### Exercise instructions
In the records that follow, the lines from the one containing "proof (rule subgroupI)" to the one containing "add: m_assoc[symmetric] au)", inclusive, are to be given again exactly.

START Data section

(* Let $G$ be a finite non-abelian group satisfying condition (Con). Then the isoperimetric number of $\mathcal C_G$ satisfies $$\frac{|Z(G)|}{2}\le i(\mathcal C_G)\le \sqrt{|Z(G)|\big(2(|G|-1)-|Z(G)|\big)}.$$
   Context: For a finite group $G$, the commuting graph $\mathcal C_G$ is the simple undirected graph with vertex set $G$ in which distinct $u,v\in G$ are adjacent iff $uv=vu$. $Z(G)$ is the center of $G$ and $C(v)=\{w\in G: wv=vw\}$ the centralizer of $v$. Condition (Con): for all $u,v\in G\setminus Z(G)$, either $C(u)=C(v)$ or $C(u)\cap C(v)=Z(G)$. For a graph $\Gamma$ with vertex set $V$, $\partial S$ is the set of edges with exactly one endpoint in $S$, and the isoperimetric number is $i(\Gamma)=\min\{|\partial S|/|S|: S\subseteq V,\ 0<|S|\le |V|/2\}$. *)

theory Defs
  imports "HOL-Algebra.Group" Complex_Main
begin

definition grp_center :: "('a, 'b) monoid_scheme \<Rightarrow> 'a set" where
  "grp_center G = {z \<in> carrier G. \<forall>g \<in> carrier G. z \<otimes>\<^bsub>G\<^esub> g = g \<otimes>\<^bsub>G\<^esub> z}"

definition grp_centralizer :: "('a, 'b) monoid_scheme \<Rightarrow> 'a \<Rightarrow> 'a set" where
  "grp_centralizer G v = {w \<in> carrier G. w \<otimes>\<^bsub>G\<^esub> v = v \<otimes>\<^bsub>G\<^esub> w}"

definition con_condition :: "('a, 'b) monoid_scheme \<Rightarrow> bool" where
  "con_condition G \<longleftrightarrow>
     (\<forall>u \<in> carrier G - grp_center G. \<forall>v \<in> carrier G - grp_center G.
        grp_centralizer G u = grp_centralizer G v \<or>
        grp_centralizer G u \<inter> grp_centralizer G v = grp_center G)"

definition commuting_graph_edges :: "('a, 'b) monoid_scheme \<Rightarrow> 'a set set" where
  "commuting_graph_edges G =
     {{u, v} | u v. u \<in> carrier G \<and> v \<in> carrier G \<and> u \<noteq> v \<and>
                    u \<otimes>\<^bsub>G\<^esub> v = v \<otimes>\<^bsub>G\<^esub> u}"

definition edge_boundary :: "'a set set \<Rightarrow> 'a set \<Rightarrow> 'a set set" where
  "edge_boundary E S = {e \<in> E. card (e \<inter> S) = 1}"

definition isoperimetric_number :: "'a set \<Rightarrow> 'a set set \<Rightarrow> real" where
  "isoperimetric_number V E =
     Min {real (card (edge_boundary E S)) / real (card S) | S.
            S \<subseteq> V \<and> 0 < card S \<and> real (card S) \<le> real (card V) / 2}"

end

theory Submission
  imports Defs "HOL-Algebra.Coset"
begin

text \<open>
  Central elements commute with everything, so a set S of vertices has at least
  |S \<inter> Z| (|G| - |S|) + |S - Z| |Z - S| boundary edges; for |S| \<le> |G|/2 an elementary
  estimate turns this into |\<partial>S| \<ge> |Z| |S| / 2.  For the upper bound take S = C(u) - Z
  with u non-central: by (Con), every non-central element commuting with an element
  of S lies in S, so all boundary edges of S end in Z and |\<partial>S| \<le> |S| |Z|; moreover
  |S| \<le> |G|/2 by Lagrange, since C(u) is a proper subgroup.  Finally
  |Z| \<le> sqrt (|Z| (2(|G| - 1) - |Z|)) because |Z| \<le> |G| - 1.
\<close>

lemma grp_center_subset_carrier: "grp_center G \<subseteq> carrier G"
  by (auto simp: grp_center_def)

lemma grp_centralizer_subset_carrier: "grp_centralizer G u \<subseteq> carrier G"
  by (auto simp: grp_centralizer_def)

lemma subgroup_grp_centralizer:
  fixes G (structure)
  assumes "group G" and "u \<in> carrier G"
  shows "subgroup (grp_centralizer G u) G"
proof -
  interpret group G by fact
  show ?thesis
  proof (rule subgroupI)
    show "grp_centralizer G u \<subseteq> carrier G" by (rule grp_centralizer_subset_carrier)
    show "grp_centralizer G u \<noteq> {}"
      using assms by (auto simp: grp_centralizer_def intro!: exI[of _ \<one>])
  next
    fix a assume "a \<in> grp_centralizer G u"
    hence a: "a \<in> carrier G" and au: "a \<otimes> u = u \<otimes> a" by (auto simp: grp_centralizer_def)
    have "inv a \<otimes> u = inv a \<otimes> (u \<otimes> a) \<otimes> inv a" using a assms by (simp add: m_assoc)
    also have "\<dots> = inv a \<otimes> (a \<otimes> u) \<otimes> inv a" by (simp add: au)
    also have "\<dots> = u \<otimes> inv a" using a assms by (simp add: m_assoc[symmetric])
    finally show "inv a \<in> grp_centralizer G u" using a by (simp add: grp_centralizer_def)
  next
    fix a b assume "a \<in> grp_centralizer G u" "b \<in> grp_centralizer G u"
    hence ab: "a \<in> carrier G" "b \<in> carrier G" and au: "a \<otimes> u = u \<otimes> a" and bu: "b \<otimes> u = u \<otimes> b"
      by (auto simp: grp_centralizer_def)
    have "a \<otimes> b \<otimes> u = a \<otimes> (u \<otimes> b)" using ab assms by (simp add: m_assoc bu)
    also have "\<dots> = u \<otimes> (a \<otimes> b)" using ab assms by (simp add: m_assoc[symmetric] au)
    finally have "a \<otimes> b \<otimes> u = u \<otimes> (a \<otimes> b)" .
    thus "a \<otimes> b \<in> grp_centralizer G u" using ab by (simp add: grp_centralizer_def)
  qed
qed

lemma grp_centralizer_neq_carrier:
  assumes "u \<in> carrier G - grp_center G"
  shows "grp_centralizer G u \<noteq> carrier G"
proof
  assume all: "grp_centralizer G u = carrier G"
  have "u \<otimes>\<^bsub>G\<^esub> g = g \<otimes>\<^bsub>G\<^esub> u" if "g \<in> carrier G" for g
  proof -
    have "g \<in> grp_centralizer G u" using that all by simp
    thus ?thesis by (simp add: grp_centralizer_def)
  qed
  thus False using assms by (auto simp: grp_center_def)
qed

lemma card_grp_centralizer_le_half:
  assumes "group G" "finite (carrier G)" "u \<in> carrier G - grp_center G"
  shows "2 * card (grp_centralizer G u) \<le> card (carrier G)"
proof -
  interpret group G by fact
  have "subgroup (grp_centralizer G u) G"
    using subgroup_grp_centralizer[OF assms(1)] assms(3) by blast
  then obtain k where k: "k * card (grp_centralizer G u) = card (carrier G)"
    using lagrange unfolding order_def by blast
  have "grp_centralizer G u \<subset> carrier G"
    using grp_centralizer_subset_carrier[of G u] grp_centralizer_neq_carrier[OF assms(3)] by blast
  hence lt: "card (grp_centralizer G u) < card (carrier G)"
    by (rule psubset_card_mono[OF assms(2)])
  have "k \<noteq> 0" using k lt by (cases "k = 0") simp_all
  moreover have "k \<noteq> 1" using k lt by (cases "k = 1") simp_all
  ultimately have "2 \<le> k" by linarith
  hence "2 * card (grp_centralizer G u) \<le> k * card (grp_centralizer G u)" by (rule mult_le_mono1)
  thus ?thesis using k by simp
qed

lemma card_grp_centralizer_diff_center:
  assumes "group G" "finite (carrier G)" "u \<in> carrier G - grp_center G"
  shows "0 < card (grp_centralizer G u - grp_center G)"
    and "real (card (grp_centralizer G u - grp_center G)) \<le> real (card (carrier G)) / 2"
proof -
  have fin: "finite (grp_centralizer G u)"
    using assms(2) grp_centralizer_subset_carrier[of G u] by (rule finite_subset[rotated])
  moreover have "u \<in> grp_centralizer G u - grp_center G"
    using assms(3) by (simp add: grp_centralizer_def)
  ultimately show "0 < card (grp_centralizer G u - grp_center G)"
    by (auto simp: card_gt_0_iff)
  have "card (grp_centralizer G u - grp_center G) \<le> card (grp_centralizer G u)"
    using fin by (rule card_mono) auto
  thus "real (card (grp_centralizer G u - grp_center G)) \<le> real (card (carrier G)) / 2"
    using card_grp_centralizer_le_half[OF assms] by simp
qed

lemma grp_center_psubset_carrier:
  assumes "group G" "\<not> comm_group G"
  shows "grp_center G \<subset> carrier G"
proof -
  interpret group G by fact
  have "grp_center G \<noteq> carrier G"
  proof
    assume "grp_center G = carrier G"
    hence "comm_group G" by (intro group_comm_groupI) (auto simp: grp_center_def)
    thus False using assms(2) by blast
  qed
  thus ?thesis using grp_center_subset_carrier[of G] by blast
qed

lemma finite_commuting_graph_edges:
  assumes "finite (carrier G)"
  shows "finite (commuting_graph_edges G)"
proof -
  have "commuting_graph_edges G \<subseteq> Pow (carrier G)"
    by (auto simp: commuting_graph_edges_def)
  thus ?thesis using assms by (simp add: finite_subset)
qed

lemma commuting_graph_edge_grp_center:
  assumes "x \<in> grp_center G" "y \<in> carrier G" "x \<noteq> y"
  shows "{x, y} \<in> commuting_graph_edges G" "{y, x} \<in> commuting_graph_edges G"
  using assms unfolding commuting_graph_edges_def grp_center_def by blast+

END Data section

### Answer to this exercise
  proof (rule subgroupI)
    show "grp_centralizer G u \<subseteq> carrier G" by (rule grp_centralizer_subset_carrier)
    show "grp_centralizer G u \<noteq> {}"
      using assms by (auto simp: grp_centralizer_def intro!: exI[of _ \<one>])
  next
    fix a assume "a \<in> grp_centralizer G u"
    hence a: "a \<in> carrier G" and au: "a \<otimes> u = u \<otimes> a" by (auto simp: grp_centralizer_def)
    have "inv a \<otimes> u = inv a \<otimes> (u \<otimes> a) \<otimes> inv a" using a assms by (simp add: m_assoc)
    also have "\<dots> = inv a \<otimes> (a \<otimes> u) \<otimes> inv a" by (simp add: au)
    also have "\<dots> = u \<otimes> inv a" using a assms by (simp add: m_assoc[symmetric])
    finally show "inv a \<in> grp_centralizer G u" using a by (simp add: grp_centralizer_def)
  next
    fix a b assume "a \<in> grp_centralizer G u" "b \<in> grp_centralizer G u"
    hence ab: "a \<in> carrier G" "b \<in> carrier G" and au: "a \<otimes> u = u \<otimes> a" and bu: "b \<otimes> u = u \<otimes> b"
      by (auto simp: grp_centralizer_def)
    have "a \<otimes> b \<otimes> u = a \<otimes> (u \<otimes> b)" using ab assms by (simp add: m_assoc bu)
    also have "\<dots> = u \<otimes> (a \<otimes> b)" using ab assms by (simp add: m_assoc[symmetric] au)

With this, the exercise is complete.